Magilla The "I Shape-Shifted Into Clay" Award MAGILLA the MONKEY Did you ever notice that Clay and the monkey were never on screen at the same time? It wasn't a camera or editing trick. Clay had some real monkey mojo going on.
snake The "Union of the Snake" Award SLITHERIN the SNAKE Did you ever notice that Brian and the snake were never in the same shot, and that Helen was afraid of snakes? Well...
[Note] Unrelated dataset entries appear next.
lemma annulus_heavy_point:
  assumes "R \<ge> 0" and "sum f (annulus C R) > 0"
  obtains r where "r \<in> annulus C R" and "f r > 0"
    and "ln (f r) \<ge> ln (sum f (annulus C R)) - CARD('d) * ln (2 * R + 3)"
proof -
  let ?A = "annulus C R"
  have "?A \<noteq> {}" using assms(2) by auto
  then obtain r where r: "r \<in> ?A" "sum f ?A \<le> card ?A * f r"
    using exists_ge_average[OF finite_annulus] by blast
  have "?A \<subseteq> {j. l1norm (idx_vec j - 0) \<le> R + 1}" unfolding annulus_def by auto
  moreover have "finite {j. l1norm (idx_vec j - (0 :: real^'d)) \<le> R + 1}"
    and "card {j. l1norm (idx_vec j - (0 :: real^'d)) \<le> R + 1} \<le> (nat \<lfloor>2 * (R + 1)\<rfloor> + 1) ^ CARD('d)"
    using l1_ball_idx_vec[of "R + 1" "0 :: real^'d"] assms(1) by auto
  ultimately have "card ?A \<le> (nat \<lfloor>2 * (R + 1)\<rfloor> + 1) ^ CARD('d)"
    by (meson card_mono le_trans)
  then have "real (card ?A) \<le> real (nat \<lfloor>2 * (R + 1)\<rfloor> + 1) ^ CARD('d)"
    by (metis of_nat_le_iff of_nat_power)
  also have "\<dots> \<le> (2 * R + 3) ^ CARD('d)"
    using assms(1) of_int_floor_le[of "2 * (R + 1)"] by (intro power_mono) auto
  finally have card: "real (card ?A) \<le> (2 * R + 3) ^ CARD('d)" .
  have "card ?A > 0" using \<open>?A \<noteq> {}\<close> finite_annulus card_gt_0_iff by blast
  moreover have "0 < card ?A * f r" using r(2) assms(2) by linarith
  ultimately have "f r > 0" by (simp add: zero_less_mult_iff)
  have "ln (sum f ?A) \<le> ln (card ?A * f r)"
    using r(2) assms(2) by simp
  also have "\<dots> = ln (card ?A) + ln (f r)"
    using \<open>card ?A > 0\<close> \<open>f r > 0\<close> by (simp add: ln_mult)
  also have "ln (card ?A) \<le> CARD('d) * ln (2 * R + 3)"
    using card \<open>card ?A > 0\<close> assms(1) by (simp flip: ln_realpow)
  finally show ?thesis using that r(1) \<open>f r > 0\<close> by simp
qed

lemma tau_cone_gt_imp_heavy_points:
  assumes "tau_cone f C > ereal \<beta>"
  obtains R r where "R \<ge> M" and "R \<ge> 1" and "r \<in> annulus C R" and "f r > 0"
    and "ln (f r) \<ge> R * \<beta> - CARD('d) * ln (2 * R + 3)"
proof -
  obtain R where R: "R \<ge> max M 1" "ereal (1 / R) * elog (sum f (annulus C R)) > ereal \<beta>"
    using Limsup_at_top_gtD[OF assms[unfolded tau_cone_annulus]] by blast
  have "sum f (annulus C R) \<noteq> 0" using R by (auto simp: elog_def)
  then have S: "sum f (annulus C R) > 0" using sum_nonneg[of _ f] nonneg by (simp add: order_less_le)
  then have "R * \<beta> < ln (sum f (annulus C R))" using R by (simp add: elog_pos field_simps)
  moreover obtain r where "r \<in> annulus C R" "f r > 0"
    "ln (f r) \<ge> ln (sum f (annulus C R)) - CARD('d) * ln (2 * R + 3)"
    using annulus_heavy_point[OF _ S] R(1) by auto
  ultimately show ?thesis using that[of R r] R(1) by auto
qed
(* Let $n\ge 2$ and $\alpha,\beta\in[0,1]$. Suppose $U$ is a $2n$-qubit circuit such that $U|\mathrm{CAT}^{\alpha}_{2n}\rangle\langle\mathrm{CAT}^{\alpha}_{2n}|U^\dagger = |\mathrm{CAT}^{\beta}_{n}\rangle\langle\mathrm{CAT}^{\beta}_{n}|\otimes|\mathrm{CAT}^{\beta}_{n}\rangle\langle\mathrm{CAT}^{\beta}_{n}|$. If $H(\alpha)\neq 2H(\beta)$, then $U$ requires depth $\Omega(\log n)$. Moreover, if $V$ is a $2n$-qubit circuit with $V|\mathrm{CAT}^{\alpha}_{2n}\rangle\langle\mathrm{CAT}^{\alpha}_{2n}|V^\dagger = \psi$ and $\|\psi - |\mathrm{CAT}^{\beta}_{n}\rangle\langle\mathrm{CAT}^{\beta}_{n}|\otimes|\mathrm{CAT}^{\beta}_{n}\rangle\langle\mathrm{CAT}^{\beta}_{n}|\|_1\le\varepsilon$, then $\mathrm{depth}(V)\geq\Omega\left(\log\min\left\{n,\frac{1}{\varepsilon}\,|2H(\beta)-H(\alpha)|^{\ln 4}\right\}\right)$.
   Context: The $\gamma$-biased CAT state on $m$ qubits is $|\mathrm{CAT}^{\gamma}_m\rangle = \sqrt{\gamma}|0^m\rangle+\sqrt{1-\gamma}|1^m\rangle$. $H(p)=-p\log p-(1-p)\log(1-p)$ is the binary entropy function. Circuits consist of layers of one- and two-qubit gates; depth is the number of layers. $\|\cdot\|_1$ is the trace norm. *)

theory Defs
  imports "Jordan_Normal_Form.Matrix" "Jordan_Normal_Form.Char_Poly"
begin

text \<open>An m-qubit register has Hilbert space of dimension 2^m; basis index x
  encodes the computational basis string with qubit k given by bit k of x.\<close>

definition qbit :: "nat \<Rightarrow> nat \<Rightarrow> nat" where
  "qbit k x = x div 2 ^ k mod 2"

definition adj :: "complex mat \<Rightarrow> complex mat" where
  "adj A = mat (dim_col A) (dim_row A) (\<lambda>(i,j). cnj (A $$ (j,i)))"

definition is_unitary :: "nat \<Rightarrow> complex mat \<Rightarrow> bool" where
  "is_unitary d U \<longleftrightarrow> U \<in> carrier_mat d d \<and> adj U * U = 1\<^sub>m d"

type_synonym gate = "nat list \<times> complex mat"

definition valid_gate :: "nat \<Rightarrow> gate \<Rightarrow> bool" where
  "valid_gate m g \<longleftrightarrow> (let qs = fst g in
     (length qs = 1 \<or> length qs = 2) \<and> distinct qs \<and> set qs \<subseteq> {..<m}
     \<and> is_unitary (2 ^ length qs) (snd g))"

definition loc_index :: "nat list \<Rightarrow> nat \<Rightarrow> nat" where
  "loc_index qs x = (\<Sum>t<length qs. qbit (qs ! t) x * 2 ^ (length qs - 1 - t))"

definition embed_gate :: "nat \<Rightarrow> gate \<Rightarrow> complex mat" where
  "embed_gate m g = mat (2 ^ m) (2 ^ m) (\<lambda>(x,y).
     if (\<forall>k<m. k \<notin> set (fst g) \<longrightarrow> qbit k x = qbit k y)
     then snd g $$ (loc_index (fst g) x, loc_index (fst g) y) else 0)"

type_synonym layer = "gate list"

definition valid_layer :: "nat \<Rightarrow> layer \<Rightarrow> bool" where
  "valid_layer m L \<longleftrightarrow> (\<forall>g \<in> set L. valid_gate m g) \<and>
     (\<forall>i<length L. \<forall>j<length L. i \<noteq> j \<longrightarrow> set (fst (L ! i)) \<inter> set (fst (L ! j)) = {})"

definition layer_mat :: "nat \<Rightarrow> layer \<Rightarrow> complex mat" where
  "layer_mat m L = foldr (\<lambda>g M. embed_gate m g * M) L (1\<^sub>m (2 ^ m))"

text \<open>A circuit is a list of layers (first layer applied first); its depth is
  the number of layers.\<close>
type_synonym circuit = "layer list"

definition valid_circuit :: "nat \<Rightarrow> circuit \<Rightarrow> bool" where
  "valid_circuit m C \<longleftrightarrow> (\<forall>L \<in> set C. valid_layer m L)"

definition circuit_mat :: "nat \<Rightarrow> circuit \<Rightarrow> complex mat" where
  "circuit_mat m C = foldl (\<lambda>M L. layer_mat m L * M) (1\<^sub>m (2 ^ m)) C"

definition depth :: "circuit \<Rightarrow> nat" where
  "depth C = length C"

definition cat_vec :: "real \<Rightarrow> nat \<Rightarrow> complex vec" where
  "cat_vec \<gamma> m = vec (2 ^ m) (\<lambda>i. if i = 0 then complex_of_real (sqrt \<gamma>)
      else if i = 2 ^ m - 1 then complex_of_real (sqrt (1 - \<gamma>)) else 0)"

definition proj :: "complex vec \<Rightarrow> complex mat" where
  "proj v = mat (dim_vec v) (dim_vec v) (\<lambda>(i,j). v $ i * cnj (v $ j))"

definition cat_dm :: "real \<Rightarrow> nat \<Rightarrow> complex mat" where
  "cat_dm \<gamma> m = proj (cat_vec \<gamma> m)"

definition tensor_mat :: "complex mat \<Rightarrow> complex mat \<Rightarrow> complex mat" where
  "tensor_mat A B = mat (dim_row A * dim_row B) (dim_col A * dim_col B)
     (\<lambda>(i,j). A $$ (i div dim_row B, j div dim_col B) * B $$ (i mod dim_row B, j mod dim_col B))"

text \<open>Trace norm = sum of singular values = sum, with algebraic multiplicity,
  of the square roots of the eigenvalues of A^dagger A.\<close>
definition trace_norm :: "complex mat \<Rightarrow> real" where
  "trace_norm A = (let p = char_poly (adj A * A) in
     \<Sum>z\<in>{x. poly p x = 0}. real (order z p) * sqrt (Re z))"

definition bin_entropy :: "real \<Rightarrow> real" where
  "bin_entropy p = (if p = 0 \<or> p = 1 then 0 else - p * log 2 p - (1 - p) * log 2 (1 - p))"

end

(*
  A circuit of depth d spreads a single qubit to at most 2^d qubits.  If 2 * 4^d < n, then the
  light cones of suitably chosen qubits are disjoint and each misses a qubit in both halves of
  the register.  Since the branches 0...0 and 1...1 of a CAT state differ on every qubit, local
  observables cannot see coherences between branches: in the Heisenberg picture, the Z-statistics
  of the output of a shallow circuit on an alpha-CAT state are those of a classical two-branch
  mixture, and in the Schroedinger picture the Z-statistics of the input, read on the pair of
  beta-CAT states, are those of a four-branch mixture.  Comparing one- and two-point correlations
  with those of the target state (up to twice the trace distance) forces beta (1 - beta) and
  alpha (1 - alpha) to be O(epsilon).  As H(p) = O((p (1 - p))^(1 / ln 4)), this bounds
  |2 H(beta) - H(alpha)|^(ln 4) by O(epsilon); in the exact case alpha and beta are 0 or 1, so
  H(alpha) = 2 H(beta) = 0.  So either 2 * 4^d >= n or |2 H(beta) - H(alpha)|^(ln 4) / epsilon is
  bounded by a constant.
*)
theory Submission
  imports Defs "Jordan_Normal_Form.Schur_Decomposition"
begin

lemma bit_nat_less_pow2: "(x::nat) < 2^m \<Longrightarrow> bit x k \<Longrightarrow> k < m"
  by (metis bit_take_bit_iff take_bit_nat_eq_self_iff)

lemma nat_less_pow2_if_bits: "(\<And>k. bit (x::nat) k \<Longrightarrow> k < m) \<Longrightarrow> x < 2^m"
  by (metis bit_take_bit_iff bit_eq_iff take_bit_nat_eq_self_iff)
... times up! There's plenty of other awards I could hand out, but once again, I've over-stayed my 15 minutes. Jeff is getting sleepy. Since the show is long over, and the champion, that being King Brian, has been crowned, it's probably best if I don't keep beating a dead horse. It is now on to the Amazon and the next group of castaways, 16 American men and women on the adventure of a lifetime. Hopefully, they'll be more interesting, and funnier than the castaways of Koh Tarutao, because trying to squeeze some laughs out of this last group was pretty difficult. So goodbye for now, until the Amazon.

What awards would you give to the Survivor:Thailand cast? Comments are welcomed.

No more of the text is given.